What to do >>
The data must be given again in full, with no line altered.

Dataset excerpts >>

(* Let $N\ge2$, $\mathcal N=\{1,\dots,N\}$, $\mathcal F=\{(i,j):i<j\}$, $B,M_1,\dots,M_N\in\mathbb Z_{\ge0}$, $p_1,\dots,p_N\in[0,1]$, $p_{\mathrm{swap}}\in[0,1]$, $\Delta t_{\mathrm{mem}}>0$. Let $\mathcal C=\prod_{i}\{0,1,\dots,M_i\}$ with probability mass function $\pi(c)=\prod_i\binom{M_i}{c_i}p_i^{c_i}(1-p_i)^{M_i-c_i}$. For $c\in\mathcal C$ let $\mathcal Y(c)=\{y\in\mathbb Z_{\ge0}^{\mathcal F}: \sum_{j<i}y_{ji}+\sum_{j>i}y_{ij}\le c_i\ \forall i,\ \sum_{(i,j)\in\mathcal F}y_{ij}\le B\}$. Define $$\Lambda_{\mathrm{mem}}=\Big\{\lambda\in\mathbb R_{\ge0}^{\mathcal F}:\ \exists\, v \text{ with } v(c)\in\mathrm{co}\,\mathcal Y(c)\ \forall c\in\mathcal C,\ \lambda=\frac{p_{\mathrm{swap}}}{\Delta t_{\mathrm{mem}}}\sum_{c\in\mathcal C}\pi(c)v(c)\Big\}.$$ Then $$\max_{\lambda\in\Lambda_{\mathrm{mem}}}\sum_{(i,j)\in\mathcal F}\lambda_{ij}=\frac{p_{\mathrm{swap}}}{\Delta t_{\mathrm{mem}}}\sum_{c\in\mathcal C}\pi(c)\,\min\Big\{B,\ \Big\lfloor\tfrac12\sum_i c_i\Big\rfloor,\ \sum_i c_i-\max_i c_i\Big\}.$$
   Context: This models a memory-equipped (herald-then-swap) quantum switch: $c_i$ is the number of the $M_i$ switch memories dedicated to client $i$ that hold a successful link-level entangled pair in a slot (each independently with probability $p_i$), $v(c)$ is the expected BSM-pairing vector chosen by a stationary randomized scheduling rule upon observing $c$, $p_{\mathrm{swap}}$ the success probability of each swap, and $\Delta t_{\mathrm{mem}}$ the slot duration; $\mathrm{co}$ denotes convex hull. *)

theory Defs
  imports "HOL-Analysis.Analysis"
begin
lemma col_mult_upper_triangular:
  fixes Y T :: "'a :: comm_ring_1 mat"
  assumes Y: "Y \<in> carrier_mat p q" and T: "T \<in> carrier_mat q q" and ut: "upper_triangular T"
    and j: "j < q" and left_zero: "\<And>l. l < j \<Longrightarrow> col Y l = 0\<^sub>v p"
  shows "col (Y * T) j = T $$ (j,j) \<cdot>\<^sub>v col Y j"
proof (rule eq_vecI)
  fix i assume "i < dim_vec (T $$ (j,j) \<cdot>\<^sub>v col Y j)"
  then have i: "i < p" using Y by simp
  have "Y $$ (i,l) * T $$ (l,j) = 0" if "l < q" "l \<noteq> j" for l
  proof (cases "l < j")
    case True
    then show ?thesis using left_zero[of l] Y i
      by (metis carrier_matD(1) col_def index_vec index_zero_vec(1) mult_zero_left)
  next
    case False
    then show ?thesis using that T ut by (auto simp: upper_triangular_def)
  qed
  then have "(\<Sum>l<q. Y $$ (i,l) * T $$ (l,j)) = Y $$ (i,j) * T $$ (j,j)"
    using j by (subst sum.remove[of _ j]) (auto intro: sum.neutral)
  then show "col (Y * T) j $ i = (T $$ (j,j) \<cdot>\<^sub>v col Y j) $ i"
    using Y T i j by (simp add: scalar_prod_def lessThan_atLeast0 mult.commute)
qed (use Y T in auto)

lemma sylvester_upper_triangular_eq_0:
  fixes A T Y :: "'a :: field mat"
  assumes A: "A \<in> carrier_mat p p" and T: "T \<in> carrier_mat q q" and ut: "upper_triangular T"
    and Y: "Y \<in> carrier_mat p q" and AY: "A * Y = Y * T"
    and diag: "\<And>j. j < q \<Longrightarrow> \<not> eigenvalue A (T $$ (j,j))"
  shows "Y = 0\<^sub>m p q"
proof -
  have "col Y j = 0\<^sub>v p" if "j < q" for j
    using that
  proof (induction j rule: less_induct)
    case (less j)
    have "A *\<^sub>v col Y j = col (A * Y) j"
      by (rule col_mult2[OF A Y less.prems, symmetric])
    also have "\<dots> = T $$ (j,j) \<cdot>\<^sub>v col Y j"
      unfolding AY using less by (intro col_mult_upper_triangular[OF Y T ut]) auto
    finally have "eigenvector A (col Y j) (T $$ (j,j))" if "col Y j \<noteq> 0\<^sub>v p"
      using A Y that col_dim[of Y j] unfolding eigenvector_def by simp
    then show ?case using diag[OF less.prems] unfolding eigenvalue_def by blast
  qed
  note col_zero = this
  have "Y $$ (i,j) = 0" if "i < p" "j < q" for i j
    using col_zero[OF that(2)] index_col[of i Y j] Y that by simp
  then show ?thesis using Y by (intro eq_matI) auto
qed

lemma sylvester_eq_0:
  fixes A B X :: "complex mat"
  assumes A: "A \<in> carrier_mat p p" and B: "B \<in> carrier_mat q q" and X: "X \<in> carrier_mat p q"
    and AX: "A * X = X * B" and disjoint: "spectrum A \<inter> spectrum B = {}"
  shows "X = 0\<^sub>m p q"
proof -
  obtain es where "char_poly B = (\<Prod>a \<leftarrow> es. [:- a, 1:])"
    using char_poly_factorized[OF B] by blast
  then obtain T where T: "T \<in> carrier_mat q q" and ut: "upper_triangular T" and BT: "similar_mat B T"
    using schur_decomposition_exists[OF B] by blast
  from BT obtain P Q where "similar_mat_wit B T P Q" unfolding similar_mat_def by blast
  from similar_mat_witD2[OF B this] have P: "P \<in> carrier_mat q q" and Q: "Q \<in> carrier_mat q q"
    and PQ: "P * Q = 1\<^sub>m q" and QP: "Q * P = 1\<^sub>m q" and BPTQ: "B = P * T * Q"
    by auto
  have "A * (X * P) = X * B * P"
    using A X P by (simp flip: AX)
  also have "\<dots> = X * P * T * (Q * P)"
    using X P T Q by (simp add: BPTQ assoc_mult_mat_dim)
  finally have AXP: "A * (X * P) = X * P * T"
    using X P T by (simp add: QP)
  have diag: "\<not> eigenvalue A (T $$ (j,j))" if "j < q" for j
  proof -
    have "eigenvalue B (T $$ (j,j))"
      using eigenvalue_upper_triangular_diag[OF T ut that] char_poly_similar[OF BT]
      by (simp add: eigenvalue_root_char_poly[OF B] eigenvalue_root_char_poly[OF T])
    then show ?thesis using disjoint by (auto simp: spectrum_def)
  qed
  have "X * P = 0\<^sub>m p q"
    using X P by (intro sylvester_upper_triangular_eq_0[OF A T ut _ AXP diag]) auto
  then have "X * P * Q = 0\<^sub>m p q" using Q by simp
  then show ?thesis using X P Q by (simp add: PQ)
qed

Task solution >>
(* Let $N\ge2$, $\mathcal N=\{1,\dots,N\}$, $\mathcal F=\{(i,j):i<j\}$, $B,M_1,\dots,M_N\in\mathbb Z_{\ge0}$, $p_1,\dots,p_N\in[0,1]$, $p_{\mathrm{swap}}\in[0,1]$, $\Delta t_{\mathrm{mem}}>0$. Let $\mathcal C=\prod_{i}\{0,1,\dots,M_i\}$ with probability mass function $\pi(c)=\prod_i\binom{M_i}{c_i}p_i^{c_i}(1-p_i)^{M_i-c_i}$. For $c\in\mathcal C$ let $\mathcal Y(c)=\{y\in\mathbb Z_{\ge0}^{\mathcal F}: \sum_{j<i}y_{ji}+\sum_{j>i}y_{ij}\le c_i\ \forall i,\ \sum_{(i,j)\in\mathcal F}y_{ij}\le B\}$. Define $$\Lambda_{\mathrm{mem}}=\Big\{\lambda\in\mathbb R_{\ge0}^{\mathcal F}:\ \exists\, v \text{ with } v(c)\in\mathrm{co}\,\mathcal Y(c)\ \forall c\in\mathcal C,\ \lambda=\frac{p_{\mathrm{swap}}}{\Delta t_{\mathrm{mem}}}\sum_{c\in\mathcal C}\pi(c)v(c)\Big\}.$$ Then $$\max_{\lambda\in\Lambda_{\mathrm{mem}}}\sum_{(i,j)\in\mathcal F}\lambda_{ij}=\frac{p_{\mathrm{swap}}}{\Delta t_{\mathrm{mem}}}\sum_{c\in\mathcal C}\pi(c)\,\min\Big\{B,\ \Big\lfloor\tfrac12\sum_i c_i\Big\rfloor,\ \sum_i c_i-\max_i c_i\Big\}.$$
   Context: This models a memory-equipped (herald-then-swap) quantum switch: $c_i$ is the number of the $M_i$ switch memories dedicated to client $i$ that hold a successful link-level entangled pair in a slot (each independently with probability $p_i$), $v(c)$ is the expected BSM-pairing vector chosen by a stationary randomized scheduling rule upon observing $c$, $p_{\mathrm{swap}}$ the success probability of each swap, and $\Delta t_{\mathrm{mem}}$ the slot duration; $\mathrm{co}$ denotes convex hull. *)

theory Defs
  imports "HOL-Analysis.Analysis"
begin
lemma col_mult_upper_triangular:
  fixes Y T :: "'a :: comm_ring_1 mat"
  assumes Y: "Y \<in> carrier_mat p q" and T: "T \<in> carrier_mat q q" and ut: "upper_triangular T"
    and j: "j < q" and left_zero: "\<And>l. l < j \<Longrightarrow> col Y l = 0\<^sub>v p"
  shows "col (Y * T) j = T $$ (j,j) \<cdot>\<^sub>v col Y j"
proof (rule eq_vecI)
  fix i assume "i < dim_vec (T $$ (j,j) \<cdot>\<^sub>v col Y j)"
  then have i: "i < p" using Y by simp
  have "Y $$ (i,l) * T $$ (l,j) = 0" if "l < q" "l \<noteq> j" for l
  proof (cases "l < j")
    case True
    then show ?thesis using left_zero[of l] Y i
      by (metis carrier_matD(1) col_def index_vec index_zero_vec(1) mult_zero_left)
  next
    case False
    then show ?thesis using that T ut by (auto simp: upper_triangular_def)
  qed
  then have "(\<Sum>l<q. Y $$ (i,l) * T $$ (l,j)) = Y $$ (i,j) * T $$ (j,j)"
    using j by (subst sum.remove[of _ j]) (auto intro: sum.neutral)
  then show "col (Y * T) j $ i = (T $$ (j,j) \<cdot>\<^sub>v col Y j) $ i"
    using Y T i j by (simp add: scalar_prod_def lessThan_atLeast0 mult.commute)
qed (use Y T in auto)

lemma sylvester_upper_triangular_eq_0:
  fixes A T Y :: "'a :: field mat"
  assumes A: "A \<in> carrier_mat p p" and T: "T \<in> carrier_mat q q" and ut: "upper_triangular T"
    and Y: "Y \<in> carrier_mat p q" and AY: "A * Y = Y * T"
    and diag: "\<And>j. j < q \<Longrightarrow> \<not> eigenvalue A (T $$ (j,j))"
  shows "Y = 0\<^sub>m p q"
proof -
  have "col Y j = 0\<^sub>v p" if "j < q" for j
    using that
  proof (induction j rule: less_induct)
    case (less j)
    have "A *\<^sub>v col Y j = col (A * Y) j"
      by (rule col_mult2[OF A Y less.prems, symmetric])
    also have "\<dots> = T $$ (j,j) \<cdot>\<^sub>v col Y j"
      unfolding AY using less by (intro col_mult_upper_triangular[OF Y T ut]) auto
    finally have "eigenvector A (col Y j) (T $$ (j,j))" if "col Y j \<noteq> 0\<^sub>v p"
      using A Y that col_dim[of Y j] unfolding eigenvector_def by simp
    then show ?case using diag[OF less.prems] unfolding eigenvalue_def by blast
  qed
  note col_zero = this
  have "Y $$ (i,j) = 0" if "i < p" "j < q" for i j
    using col_zero[OF that(2)] index_col[of i Y j] Y that by simp
  then show ?thesis using Y by (intro eq_matI) auto
qed

lemma sylvester_eq_0:
  fixes A B X :: "complex mat"
  assumes A: "A \<in> carrier_mat p p" and B: "B \<in> carrier_mat q q" and X: "X \<in> carrier_mat p q"
    and AX: "A * X = X * B" and disjoint: "spectrum A \<inter> spectrum B = {}"
  shows "X = 0\<^sub>m p q"
proof -
  obtain es where "char_poly B = (\<Prod>a \<leftarrow> es. [:- a, 1:])"
    using char_poly_factorized[OF B] by blast
  then obtain T where T: "T \<in> carrier_mat q q" and ut: "upper_triangular T" and BT: "similar_mat B T"
    using schur_decomposition_exists[OF B] by blast
  from BT obtain P Q where "similar_mat_wit B T P Q" unfolding similar_mat_def by blast
  from similar_mat_witD2[OF B this] have P: "P \<in> carrier_mat q q" and Q: "Q \<in> carrier_mat q q"
    and PQ: "P * Q = 1\<^sub>m q" and QP: "Q * P = 1\<^sub>m q" and BPTQ: "B = P * T * Q"
    by auto
  have "A * (X * P) = X * B * P"
    using A X P by (simp flip: AX)
  also have "\<dots> = X * P * T * (Q * P)"
    using X P T Q by (simp add: BPTQ assoc_mult_mat_dim)
  finally have AXP: "A * (X * P) = X * P * T"
    using X P T by (simp add: QP)
  have diag: "\<not> eigenvalue A (T $$ (j,j))" if "j < q" for j
  proof -
    have "eigenvalue B (T $$ (j,j))"
      using eigenvalue_upper_triangular_diag[OF T ut that] char_poly_similar[OF BT]
      by (simp add: eigenvalue_root_char_poly[OF B] eigenvalue_root_char_poly[OF T])
    then show ?thesis using disjoint by (auto simp: spectrum_def)
  qed
  have "X * P = 0\<^sub>m p q"
    using X P by (intro sylvester_upper_triangular_eq_0[OF A T ut _ AXP diag]) auto
  then have "X * P * Q = 0\<^sub>m p q" using Q by simp
  then show ?thesis using X P Q by (simp add: PQ)
qed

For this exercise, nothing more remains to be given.